NanoChat – The best ChatGPT that $100 can buy

1. mhitza ◴[13 Oct 25 17:43 UTC] No.45571218[source]▶

Should be "that you can train for $100"

Curios to try it someday on a set of specialized documents. Though as I understand the cost of running this is whatever GPU you can rent with 80GB of VRAM. Which kind of leaves hobbyists and students out. Unless some cloud is donating gpu compute capacity.

replies(2): >>45571268 #>>45571369 #

2. portaouflop ◴[13 Oct 25 17:49 UTC] No.45571268[source]▶

>>45571218 (TP) #

If I have let’s say 40gb RAM does it not work at all or just take twice as long to train?

replies(1): >>45571442 #

3. Onavo ◴[13 Oct 25 17:56 UTC] No.45571369[source]▶

>>45571218 (TP) #

A GPU with 80GB VRAM costs around $1-3 USD an hour on commodity clouds (i.e. the non-Big 3 bare metal providers e.g. https://getdeploying.com/reference/cloud-gpu/nvidia-h100). I think it's accessible to most middle class users in first world countries.

replies(1): >>45571954 #

4. typpilol ◴[13 Oct 25 18:02 UTC] No.45571442[source]▶

>>45571268 #

Won't work at all. Or if it does it'll be so slow since it'll have to go to the disk for every single calculation so it won't ever finish.

replies(1): >>45572601 #

5. antinomicus ◴[13 Oct 25 18:49 UTC] No.45571954[source]▶

>>45571369 #

Isn’t the whole point to run your model locally?

replies(4): >>45572029 #>>45572031 #>>45572477 #>>45572856 #

6. theptip ◴[13 Oct 25 18:56 UTC] No.45572029{3}[source]▶

>>45571954 #

No, that’s clearly not a goal of this project.

This is a learning tool. If you want a local model you are almost certainly better using something trained on far more compute. (Deepseek, Qwen, etc)

7. yorwba ◴[13 Oct 25 18:56 UTC] No.45572031{3}[source]▶

>>45571954 #

The 80 GB are for training with a batch size of 32 times 2048 tokens each. Since the model has only about 560M parameters, you could probably run it on CPU, if a bit slow.

8. jsight ◴[13 Oct 25 19:39 UTC] No.45572477{3}[source]▶

>>45571954 #

I'd guess that this will output faster than the average reader can read, even while using only CPU inferencing on a modern-ish CPU.
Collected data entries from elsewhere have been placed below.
(* Let $G$ be a connected cograph. Then every minimum edge separator $F$ of $G$ satisfies $|F|=\delta(G)$, where $\delta(G)$ is the minimum degree of $G$.
   Context: A cograph is a graph that can be built from single vertices by repeatedly taking disjoint unions and joins; equivalently a graph with no induced path on four vertices. For a connected graph $G$, an edge separator is a set $F\subseteq E(G)$ such that $G-F=(V(G),E(G)\setminus F)$ is disconnected; a minimum edge separator is an edge separator of least size. *)

theory Defs
  imports Main
begin

definition simple_graph :: "'a set \<Rightarrow> 'a set set \<Rightarrow> bool" where
  "simple_graph V E \<longleftrightarrow> finite V \<and>
     (\<forall>e\<in>E. \<exists>u v. e = {u, v} \<and> u \<noteq> v \<and> u \<in> V \<and> v \<in> V)"

definition adj :: "'a set set \<Rightarrow> 'a \<Rightarrow> 'a \<Rightarrow> bool" where
  "adj E u v \<longleftrightarrow> u \<noteq> v \<and> {u, v} \<in> E"

definition graph_connected :: "'a set \<Rightarrow> 'a set set \<Rightarrow> bool" where
  "graph_connected V E \<longleftrightarrow> V \<noteq> {} \<and>
     (\<forall>u\<in>V. \<forall>v\<in>V. (u, v) \<in> {(x, y). adj E x y}\<^sup>*)"

definition cograph :: "'a set \<Rightarrow> 'a set set \<Rightarrow> bool" where
  "cograph V E \<longleftrightarrow> \<not> (\<exists>a\<in>V. \<exists>b\<in>V. \<exists>c\<in>V. \<exists>d\<in>V.
     distinct [a, b, c, d] \<and> adj E a b \<and> adj E b c \<and> adj E c d \<and>
     \<not> adj E a c \<and> \<not> adj E b d \<and> \<not> adj E a d)"

definition degree :: "'a set \<Rightarrow> 'a set set \<Rightarrow> 'a \<Rightarrow> nat" where
  "degree V E v = card {u \<in> V. adj E v u}"

definition min_degree :: "'a set \<Rightarrow> 'a set set \<Rightarrow> nat" where
  "min_degree V E = Min (degree V E ` V)"

definition edge_separator :: "'a set \<Rightarrow> 'a set set \<Rightarrow> 'a set set \<Rightarrow> bool" where
  "edge_separator V E F \<longleftrightarrow> F \<subseteq> E \<and> \<not> graph_connected V (E - F)"

definition min_edge_separator :: "'a set \<Rightarrow> 'a set set \<Rightarrow> 'a set set \<Rightarrow> bool" where
  "min_edge_separator V E F \<longleftrightarrow> edge_separator V E F \<and>
     (\<forall>F'. edge_separator V E F' \<longrightarrow> card F \<le> card F')"

end

theory Submission
  imports Defs
begin

text \<open>
  Removing all edges at a vertex of minimum degree disconnects G, so a minimum edge
  separator has at most \<delta>(G) edges. Conversely, a separator contains all edges leaving
  some proper nonempty vertex set S. A connected cograph has diameter at most two, so
  either every vertex of S or every vertex outside S has a neighbour across the cut.
  If every vertex x of a set A with k elements has a neighbour outside A, then x sends at
  least max 1 (\<delta> - (k - 1)) edges out of A, and k of these sum to at least \<delta>.
\<close>

lemma adj_commute: "adj E u v = adj E v u"
  unfolding adj_def by (auto simp: insert_commute)

lemma adj_in_vertices: "simple_graph V E \<Longrightarrow> adj E u v \<Longrightarrow> u \<in> V \<and> v \<in> V"
  unfolding simple_graph_def adj_def by (metis doubleton_eq_iff)

lemma simple_graph_finite_edges:
  assumes "simple_graph V E"
  shows "finite E"
proof -
  have "E \<subseteq> Pow V" "finite V" using assms unfolding simple_graph_def by auto
  then show ?thesis by (simp add: finite_subset)
qed

lemma min_degree_le_degree: "simple_graph V E \<Longrightarrow> v \<in> V \<Longrightarrow> min_degree V E \<le> degree V E v"
  unfolding min_degree_def simple_graph_def by simp

lemma min_degree_attained:
  assumes "simple_graph V E" and "V \<noteq> {}"
  obtains w where "w \<in> V" and "degree V E w = min_degree V E"
proof -
  have "Min (degree V E ` V) \<in> degree V E ` V"
    using assms unfolding simple_graph_def by (intro Min_in) auto
  then show ?thesis using that unfolding min_degree_def by auto
qed

lemma cograph_reachable_within_distance_two:
  assumes cg: "cograph V E" and sg: "simple_graph V E" and xV: "x \<in> V"
    and reach: "(x, z) \<in> {(a, b). adj E a b}\<^sup>*"
  shows "z = x \<or> adj E x z \<or> (\<exists>c. adj E x c \<and> adj E c z)"
  using reach
proof (induction rule: rtrancl_induct)
  case base
  then show ?case by simp
next
  case (step z w)
  then have zw: "adj E z w" by simp
  from step.IH show ?case
  proof (elim disjE exE conjE)
    fix c
    assume xc: "adj E x c" and cz: "adj E c z"
    show ?thesis
    proof (rule ccontr)
      assume "\<not> ?thesis"
      then have "w \<noteq> x" "\<not> adj E x w" "\<not> adj E c w" "\<not> adj E x z"
        using xc zw by auto
      moreover have "c \<in> V" "z \<in> V" "w \<in> V"
        using adj_in_vertices[OF sg] xc cz zw by auto
      moreover have "distinct [x, c, z, w]"
        using xc cz zw calculation unfolding adj_def by auto
      ultimately show False
        using cg xV xc cz zw unfolding cograph_def by blast
    qed
  qed (use zw in auto)
qed

lemma connected_cograph_common_neighbour:
  assumes "cograph V E" "simple_graph V E" "graph_connected V E"
    and "x \<in> V" "y \<in> V" "x \<noteq> y" "\<not> adj E x y"
  obtains c where "adj E x c" and "adj E c y"
proof -
  have "(x, y) \<in> {(a, b). adj E a b}\<^sup>*"
    using assms(3-5) unfolding graph_connected_def by blast
  then show ?thesis
    using cograph_reachable_within_distance_two[OF assms(1,2,4)] assms(6,7) that by blast
qed

definition cut_edges :: "'a set \<Rightarrow> 'a set set \<Rightarrow> 'a set \<Rightarrow> 'a set set" where
  "cut_edges V E S = {{x, y} | x y. x \<in> S \<and> y \<in> V - S \<and> adj E x y}"

lemma cut_edges_complement:
  assumes "S \<subseteq> V"
  shows "cut_edges V E (V - S) = cut_edges V E S"
proof -
  have flip: "cut_edges V E T \<subseteq> cut_edges V E (V - T)" if "T \<subseteq> V" for T
  proof
    fix e assume "e \<in> cut_edges V E T"
    then obtain x y where "e = {x, y}" "x \<in> T" "y \<in> V - T" "adj E x y"
      unfolding cut_edges_def by blast
    then have "e = {y, x}" "x \<in> V - (V - T)" "adj E y x"
      using that by (auto simp: adj_commute)
    with \<open>y \<in> V - T\<close> show "e \<in> cut_edges V E (V - T)" unfolding cut_edges_def by blast
  qed
  have "V - (V - S) = S" using assms by auto
  then show ?thesis using flip[of S] flip[of "V - S"] assms by auto
qed

lemma card_cut_edges_eq_sum:
  assumes "finite V" "S \<subseteq> V"
  shows "card (cut_edges V E S) = (\<Sum>x\<in>S. card {y \<in> V - S. adj E x y})"
proof -
  define N where "N x = {y \<in> V - S. adj E x y}" for x
  have fin: "finite S" "finite (N x)" for x
    using assms finite_subset unfolding N_def by auto
  have "cut_edges V E S = (\<Union>x\<in>S. (\<lambda>y. {x, y}) ` N x)"
    unfolding cut_edges_def N_def by blast
  also have "card \<dots> = (\<Sum>x\<in>S. card ((\<lambda>y. {x, y}) ` N x))"
    by (rule card_UN_disjoint) (use fin in \<open>auto simp: N_def doubleton_eq_iff\<close>)
  also have "\<dots> = (\<Sum>x\<in>S. card (N x))"
    by (intro sum.cong refl card_image) (auto simp: inj_on_def doubleton_eq_iff)
  finally show ?thesis unfolding N_def .
qed

lemma sum_ge_of_pointwise_bound:
  fixes f :: "'b \<Rightarrow> nat"
  assumes "finite A" "A \<noteq> {}"
    and bound: "\<And>x. x \<in> A \<Longrightarrow> 1 \<le> f x \<and> d < f x + card A"
  shows "d \<le> sum f A"
proof -
  define k where "k = card A"
  have "1 \<le> k" using assms(1,2) unfolding k_def by (simp add: Suc_le_eq card_gt_0_iff)
  have "max 1 (Suc d - k) \<le> f x" if "x \<in> A" for x
    using bound[OF that] unfolding k_def by (simp; arith)
  then have "(\<Sum>x\<in>A. max 1 (Suc d - k)) \<le> sum f A"
    by (rule sum_mono)
  then have "k * max 1 (Suc d - k) \<le> sum f A"
    by (simp add: k_def)
  moreover have "d \<le> k * max 1 (Suc d - k)"
  proof (cases "d \<le> k")
    case False
    have "1 * (d - k) \<le> k * (d - k)" using \<open>1 \<le> k\<close> by (rule mult_le_mono1)
    then show ?thesis using False by (simp add: Suc_diff_le algebra_simps)
  qed simp
  ultimately show ?thesis by linarith
qed

lemma card_cut_edges_ge_min_degree:
  assumes sg: "simple_graph V E" and "S \<subseteq> V" "S \<noteq> {}"
    and leaving: "\<And>x. x \<in> S \<Longrightarrow> \<exists>y\<in>V - S. adj E x y"
  shows "min_degree V E \<le> card (cut_edges V E S)"
proof -
  have finV: "finite V" using sg unfolding simple_graph_def by simp
  then have finS: "finite S" using \<open>S \<subseteq> V\<close> finite_subset by blast
  have "1 \<le> card {y \<in> V - S. adj E x y} \<and> min_degree V E < card {y \<in> V - S. adj E x y} + card S"
    if xS: "x \<in> S" for x
  proof
    have "{y \<in> V - S. adj E x y} \<noteq> {}" using leaving[OF xS] by blast
    then show "1 \<le> card {y \<in> V - S. adj E x y}"
      using finV by (simp add: Suc_le_eq card_gt_0_iff del: Collect_empty_eq)
  next
    have "{u \<in> V. adj E x u} \<subseteq> {y \<in> V - S. adj E x y} \<union> (S - {x})"
      by (auto simp: adj_def)
    then have "degree V E x \<le> card ({y \<in> V - S. adj E x y} \<union> (S - {x}))"
      unfolding degree_def using finV finS by (intro card_mono) auto
    also have "\<dots> \<le> card {y \<in> V - S. adj E x y} + card (S - {x})"
      by (rule card_Un_le)
    finally have "degree V E x < card {y \<in> V - S. adj E x y} + card S"
      using finS xS card_Diff1_less[of S x] by linarith
    then show "min_degree V E < card {y \<in> V - S. adj E x y} + card S"
      using min_degree_le_degree[OF sg] xS \<open>S \<subseteq> V\<close> by fastforce
  qed
  then have "min_degree V E \<le> (\<Sum>x\<in>S. card {y \<in> V - S. adj E x y})"
    by (rule sum_ge_of_pointwise_bound[OF finS \<open>S \<noteq> {}\<close>])
  then show ?thesis using card_cut_edges_eq_sum[OF finV \<open>S \<subseteq> V\<close>] by simp
qed

lemma connected_cograph_card_cut_edges:
  assumes cg: "cograph V E" and sg: "simple_graph V E" and con: "graph_connected V E"
    and SV: "S \<subseteq> V" and "S \<noteq> {}" and "S \<noteq> V"
  shows "min_degree V E \<le> card (cut_edges V E S)"
proof (cases "\<forall>x\<in>S. \<exists>y\<in>V - S. adj E x y")
  case True
  then show ?thesis using card_cut_edges_ge_min_degree[OF sg SV \<open>S \<noteq> {}\<close>] by blast
next
  case False
  then obtain x where xS: "x \<in> S" and isolated: "\<forall>y\<in>V - S. \<not> adj E x y" by blast
  txt \<open>A common neighbour of x and a vertex outside S lies in S.\<close>
  have "\<exists>z\<in>V - (V - S). adj E y z" if yS: "y \<in> V - S" for y
  proof -
    obtain c where xc: "adj E x c" and cy: "adj E c y"
      using connected_cograph_common_neighbour[OF cg sg con, of x y] xS yS SV isolated by blast
    have "c \<in> S" using isolated xc adj_in_vertices[OF sg xc] by blast
    then show ?thesis using cy SV by (auto simp: adj_commute)
  qed
  then have "min_degree V E \<le> card (cut_edges V E (V - S))"
    using card_cut_edges_ge_min_degree[OF sg, of "V - S"] SV \<open>S \<noteq> V\<close> by blast
  then show ?thesis using cut_edges_complement[OF SV] by simp
qed

lemma edge_separator_contains_cut:
  assumes "V \<noteq> {}" and "edge_separator V E F"
  obtains S where "S \<subseteq> V" "S \<noteq> {}" "S \<noteq> V" "cut_edges V E S \<subseteq> F"
proof -
  define R where "R = {(x, y). adj (E - F) x y}"
  obtain u v where "u \<in> V" "v \<in> V" "(u, v) \<notin> R\<^sup>*"
    using assms unfolding edge_separator_def graph_connected_def R_def by blast
  define S where "S = {z \<in> V. (u, z) \<in> R\<^sup>*}"
  have "cut_edges V E S \<subseteq> F"
  proof
    fix e assume "e \<in> cut_edges V E S"
    then obtain x y where e: "e = {x, y}" and xS: "x \<in> S" and yS: "y \<in> V - S"
      and xy: "adj E x y"
      unfolding cut_edges_def by blast
    have "(x, y) \<notin> R"
    proof
      assume "(x, y) \<in> R"
      with xS have "(u, y) \<in> R\<^sup>*" unfolding S_def by (blast intro: rtrancl_into_rtrancl)
      with yS show False unfolding S_def by simp
    qed
    then show "e \<in> F" using xy e unfolding R_def adj_def by simp
  qed
  moreover have "u \<in> S" "v \<notin> S" "S \<subseteq> V"
    using \<open>u \<in> V\<close> \<open>(u, v) \<notin> R\<^sup>*\<close> unfolding S_def by auto
  ultimately show ?thesis using that \<open>v \<in> V\<close> by blast
qed

lemma card_incident_edges:
  assumes "simple_graph V E"
  shows "card {e \<in> E. w \<in> e} = degree V E w"
proof -
  have "{e \<in> E. w \<in> e} = (\<lambda>z. {w, z}) ` {z \<in> V. adj E w z}"
    using assms unfolding simple_graph_def adj_def by (fastforce simp: insert_commute)
  moreover have "inj_on (\<lambda>z. {w, z}) {z \<in> V. adj E w z}"
    by (auto simp: inj_on_def doubleton_eq_iff)
  ultimately show ?thesis unfolding degree_def by (simp add: card_image)
qed

lemma incident_edges_edge_separator:
  assumes "w \<in> V" "z \<in> V" "z \<noteq> w"
  shows "edge_separator V E {e \<in> E. w \<in> e}"
proof -
  have "\<forall>y. (w, y) \<notin> {(a, b). adj (E - {e \<in> E. w \<in> e}) a b}"
    unfolding adj_def by auto
  then have "(w, z) \<notin> {(a, b). adj (E - {e \<in> E. w \<in> e}) a b}\<^sup>*"
    using \<open>z \<noteq> w\<close> by (metis converse_rtranclE)
  then show ?thesis
    using assms unfolding edge_separator_def graph_connected_def by blast
qed

theorem lemma6:
  fixes V :: "'a set" and E :: "'a set set" and F :: "'a set set"
  assumes "simple_graph V E"
    and "graph_connected V E"
    and "cograph V E"
    and "min_edge_separator V E F"
  shows "card F = min_degree V E"
proof -
  note sg = assms(1) and con = assms(2) and cg = assms(3)
  have sep: "edge_separator V E F"
    and minimal: "\<And>F'. edge_separator V E F' \<Longrightarrow> card F \<le> card F'"
    using assms(4) unfolding min_edge_separator_def by auto
  have "V \<noteq> {}" using con unfolding graph_connected_def by simp
  then obtain S where S: "S \<subseteq> V" "S \<noteq> {}" "S \<noteq> V" and cut: "cut_edges V E S \<subseteq> F"
    using sep by (rule edge_separator_contains_cut)
  have "finite F"
    using sep simple_graph_finite_edges[OF sg] finite_subset unfolding edge_separator_def by blast
  then have "card (cut_edges V E S) \<le> card F" using cut by (rule card_mono)
  then have lower: "min_degree V E \<le> card F"
    using connected_cograph_card_cut_edges[OF cg sg con S] by linarith
  obtain w where "w \<in> V" and w_min: "degree V E w = min_degree V E"
    using min_degree_attained[OF sg \<open>V \<noteq> {}\<close>] .
  moreover obtain z where "z \<in> V" "z \<noteq> w" using S by blast
  ultimately have "card F \<le> card {e \<in> E. w \<in> e}"
    by (intro minimal incident_edges_edge_separator)
  then show ?thesis using card_incident_edges[OF sg] w_min lower by simp
qed

end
The param count is small enough that even cheap (<$500) GPUs would work too.

9. karpathy ◴[13 Oct 25 19:51 UTC] No.45572601{3}[source]▶

>>45571442 #

It will work great with 40GB GPU, probably a bit less than twice slower. These are micro models of a few B param at most and fit easily during both training and inference.

10. simonw ◴[13 Oct 25 20:14 UTC] No.45572856{3}[source]▶

>>45571954 #

You can run a model locally on much less expensive hardware. It's training that requires the really big GPUs.